Uniform convergence of $ \zeta'(x) = \sum \frac{\ln(k)}{k^x}$

Question

As a part of a proof that the $\zeta$ function is differentiable I want to check that the series: $$-\sum_{k=1}^\infty \frac{\ln(k)}{k^x}$$ Converges uniformly for $x \in (a, \infty)$ whenever $a>1$, I was thinking of using the Weierstrass M-test, but I got stuck.
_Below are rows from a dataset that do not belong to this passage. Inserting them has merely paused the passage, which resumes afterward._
(* Let $(S,\mu)$ be a complete, $\sigma$-finite positive measure space and let $X$ be a Banach space whose norm is Fréchet differentiable. A non-zero $f\in L^1(\mu,X)$ is approximately smooth if and only if $f(s)\neq 0$ for $\mu$-almost every $s\in S$.
   Context: $L^1(\mu,X)$ is the Lebesgue–Bochner space of (classes of a.e. equal) strongly measurable $f:S\to X$ with $\|f\|=\int_S\|f(s)\|\,d\mu(s)<\infty$. For a non-zero $x$ in a normed space $Y$, $J(x)$ denotes the set of support functionals at $x$, i.e. norm-one $F\in Y^*$ with $F(x)=\|x\|$; $x$ is approximately smooth if $\operatorname{diam}J(x)=\sup\{\|F-G\|:F,G\in J(x)\}<2$. The norm of $X$ is Fréchet differentiable if for every non-zero $x\in X$ there is $\varphi\in X^*$ with $\lim_{h\to0}\big|\|x+h\|-\|x\|-\varphi(h)\big|/\|h\|=0$. *)

theory Defs
  imports "HOL-Analysis.Analysis"
begin

definition strongly_measurable :: "'a measure \<Rightarrow> ('a \<Rightarrow> 'b::real_normed_vector) \<Rightarrow> bool" where
  "strongly_measurable M f \<longleftrightarrow>
     (\<exists>u :: nat \<Rightarrow> 'a \<Rightarrow> 'b. (\<forall>n. simple_function M (u n)) \<and>
        (AE s in M. (\<lambda>n. u n s) \<longlonglongrightarrow> f s))"

text \<open>The Lebesgue--Bochner L1 norm and membership in L1(mu, X)
  (elements are represented by functions; a.e.-equal ones have distance 0).\<close>
definition L1_norm :: "'a measure \<Rightarrow> ('a \<Rightarrow> 'b::real_normed_vector) \<Rightarrow> real" where
  "L1_norm M f = enn2real (\<integral>\<^sup>+ s. ennreal (norm (f s)) \<partial>M)"

definition L1 :: "'a measure \<Rightarrow> ('a \<Rightarrow> 'b::real_normed_vector) \<Rightarrow> bool" where
  "L1 M f \<longleftrightarrow> strongly_measurable M f \<and> (\<integral>\<^sup>+ s. ennreal (norm (f s)) \<partial>M) < \<infinity>"

text \<open>Continuous linear functionals on L1(mu, X) (only their values on L1 matter).\<close>
definition L1_dual :: "'a measure \<Rightarrow> ((('a \<Rightarrow> 'b::real_normed_vector) \<Rightarrow> real) set)" where
  "L1_dual M = {F. (\<forall>g h. L1 M g \<longrightarrow> L1 M h \<longrightarrow> F (\<lambda>s. g s + h s) = F g + F h) \<and>
                   (\<forall>c g. L1 M g \<longrightarrow> F (\<lambda>s. c *\<^sub>R g s) = c * F g) \<and>
                   (\<exists>K. \<forall>g. L1 M g \<longrightarrow> \<bar>F g\<bar> \<le> K * L1_norm M g)}"
(* Let $p\ge1$, $n,K\in\mathbb{N}$, $\Omega\subseteq\mathbb{R}^d$ compact and $z\in\mathbb{R}^d\setminus\Omega$. Let $f$ be a depth-$K$ MPNN on $G_{\le n}(\Omega)$ whose aggregation functions $\phi^{(k)}$, combine functions $\psi^{(k)}$ and readout are jointly continuous in their inputs and parameters, with parameters ranging over compact sets. For $0\le k\le K$ let $\Omega_k$ be the set of all feature vectors $x_v^{(k)}$ attainable after $k$ message passing layers, over all graphs in $G_{\le n}(\Omega)$, all nodes and all parameter choices, and let $z_k\notin\Omega_k$. Then for each $k$ there exist constants $C\ge c>0$ such that for every $G\in G_{\le n}(\Omega)$, every $v\in V_G$ and every parameter choice, $$C\cdot TD\big(T_v^{(k)},\bar T_z\big)\ \ge\ \|z_k-x_v^{(k)}\|_p\ \ge\ c\cdot TD\big(T_v^{(k)},\bar T_z\big).$$
   Context: $G_{\le n}(\Omega)$ is the set of graphs $G=(V,E,X)$ with $|V|\le n$ and node features $x_v\in\Omega$; $\mathcal N_v$ is the multiset of neighbors of $v$. An MPNN of depth $K$ computes $x_v^{(0)}=x_v$ and, for $k=1,\dots,K$, $c_v^{(k)}=\phi^{(k)}(\{\!\!\{ x_u^{(k-1)}:u\in\mathcal N_v\}\!\!\})$, $x_v^{(k)}=\psi^{(k)}(x_v^{(k-1)},c_v^{(k)})$, and outputs $\upsilon(\{\!\!\{ x_v^{(K)}:v\in V\}\!\!\})$. Computation trees: $T_v^{(0)}$ is a single root node with feature $x_v$; $T_v^{(k)}$ is obtained from $T_v^{(k-1)}$ by attaching to each leaf (corresponding to a graph node $u$) children corresponding to the neighbors of $u$ in $G$, each carrying its feature from $G$. The blank tree $\bar T_z$ is a single node with feature $z$. For a rooted tree $T$ with root $r$, $\mathcal T_r$ is the multiset of subtrees rooted at the children of $r$. For multisets of trees $A,B$ of size at most $n$, $W^{(\bar T_z)}_{TD,1}(A,B)=\min_{\tau\in S_n}\sum_{j=1}^n TD(A'_j,B'_{\tau(j)})$ where $A',B'$ are $A,B$ padded with copies of $\bar T_z$ to exactly $n$ elements. The tree distance is defined recursively: $TD(T_a,T_b)=\|x_a-x_b\|_p+W^{(\bar T_z)}_{TD,1}(\mathcal T_a,\mathcal T_b)$ if the maximal depth of $T_a,T_b$ is positive, and $TD(T_a,T_b)=\|x_a-x_b\|_p$ otherwise, where $x_a,x_b$ are the root features. *)

theory Defs
  imports "HOL-Analysis.Analysis" "HOL-Library.Multiset" "HOL-Combinatorics.Permutations"
begin
(* For every integer $n \geq 3$ there exists a cyclic $n$-dimensional unique sink orientation $\psi$ which is not $i$-nice for any $i < n$.
   Context: Let $Q^n = 2^{[n]}$ be the vertex set of the $n$-cube, with $u,v$ adjacent iff $|u\oplus v|=1$; faces are $F_{J,v}=\{u : v\oplus u\subseteq J\}$ for $J\subseteq[n]$. A unique sink orientation (USO) is an orientation of the cube's edges such that every nonempty face has a unique sink (vertex with no outgoing edges within the face); it is cyclic if it contains a directed cycle. The outmap $s_\psi(v)$ is the set of coordinates $j$ such that the edge $\{v,v\oplus\{j\}\}$ is directed away from $v$; the global sink is the vertex $t$ with $s_\psi(t)=\emptyset$. Let $d(v,u)$ be the length of a shortest directed path from $v$ to $u$ ($\infty$ if none). The reachmap is $r_\psi(v)=s_\psi(v)\cup\{j : \exists u \text{ reachable from } v \text{ by a directed path with } j\in s_\psi(u)\}$. A vertex $v$ is $i$-covered by $u$ if $d(v,u)\le i$ and $r_\psi(u)\subsetneq r_\psi(v)$; $\psi$ is $i$-nice if every vertex other than the global sink is $i$-covered by some vertex. *)

theory Defs
  imports Main "HOL-Library.Extended_Nat"
begin

definition symdiff :: "nat set \<Rightarrow> nat set \<Rightarrow> nat set" where
  "symdiff u v = (u - v) \<union> (v - u)"

definition cube :: "nat \<Rightarrow> nat set set" where
  "cube n = Pow {..<n}"

definition adjacent :: "nat \<Rightarrow> nat set \<Rightarrow> nat set \<Rightarrow> bool" where
  "adjacent n u v \<longleftrightarrow> u \<in> cube n \<and> v \<in> cube n \<and> card (symdiff u v) = 1"

definition orientation :: "nat \<Rightarrow> (nat set \<times> nat set) set \<Rightarrow> bool" where
  "orientation n D \<longleftrightarrow>
     (\<forall>(u,v)\<in>D. adjacent n u v) \<and>
     (\<forall>u v. adjacent n u v \<longrightarrow> ((u,v) \<in> D \<longleftrightarrow> (v,u) \<notin> D))"

definition face :: "nat set \<Rightarrow> nat set \<Rightarrow> nat set set" where
  "face J v = {u. symdiff v u \<subseteq> J}"

definition sink_of :: "(nat set \<times> nat set) set \<Rightarrow> nat set set \<Rightarrow> nat set \<Rightarrow> bool" where
  "sink_of D F x \<longleftrightarrow> x \<in> F \<and> (\<forall>y\<in>F. (x,y) \<notin> D)"

definition uso :: "nat \<Rightarrow> (nat set \<times> nat set) set \<Rightarrow> bool" where
  "uso n D \<longleftrightarrow> orientation n D \<and>
     (\<forall>J v. J \<subseteq> {..<n} \<longrightarrow> v \<in> cube n \<longrightarrow> (\<exists>!x. sink_of D (face J v) x))"

definition cyclic :: "(nat set \<times> nat set) set \<Rightarrow> bool" where
  "cyclic D \<longleftrightarrow> (\<exists>v. (v,v) \<in> D\<^sup>+)"

definition outmap :: "(nat set \<times> nat set) set \<Rightarrow> nat set \<Rightarrow> nat set" where
  "outmap D v = {j. (v, symdiff v {j}) \<in> D}"

definition global_sink :: "nat \<Rightarrow> (nat set \<times> nat set) set \<Rightarrow> nat set \<Rightarrow> bool" where
  "global_sink n D t \<longleftrightarrow> t \<in> cube n \<and> outmap D t = {}"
This is what I have so far: We will first remark that: $$|f'_n|=\left|-\frac{\ln(n)}{n^x}\right|=\frac{\ln(n)}{n^x} \leq \frac{\ln(n)}{n^a} $$

We now notice since $n\geq 1$ that $\ln(n)<n $ and since $a>1$, we have $a \ln(n)= \ln(n^a) < n^a \implies \frac{1}{a}>\frac{\ln(n)}{n^a} $

But I don't know how to finish the M-test.

Answer 1

Uniform convergence on $[a,+\infty)$, where $a>1$. We will use the Weierstrass M-test.
For $x \in [a,+\infty)$ we have $$ \frac{\log(n)}{n^x} \le \frac{\log(n)}{n^a} $$

By the integral test${}^1$, the series $$ \sum_{n=1}^\infty \frac{\log(n)}{n^a} $$ converges, and therefore by the Weierstrass M-test, $$ \sum_{n=1}^\infty \frac{\log(n)}{n^x} $$ converges uniformly on $[a,+\infty)$.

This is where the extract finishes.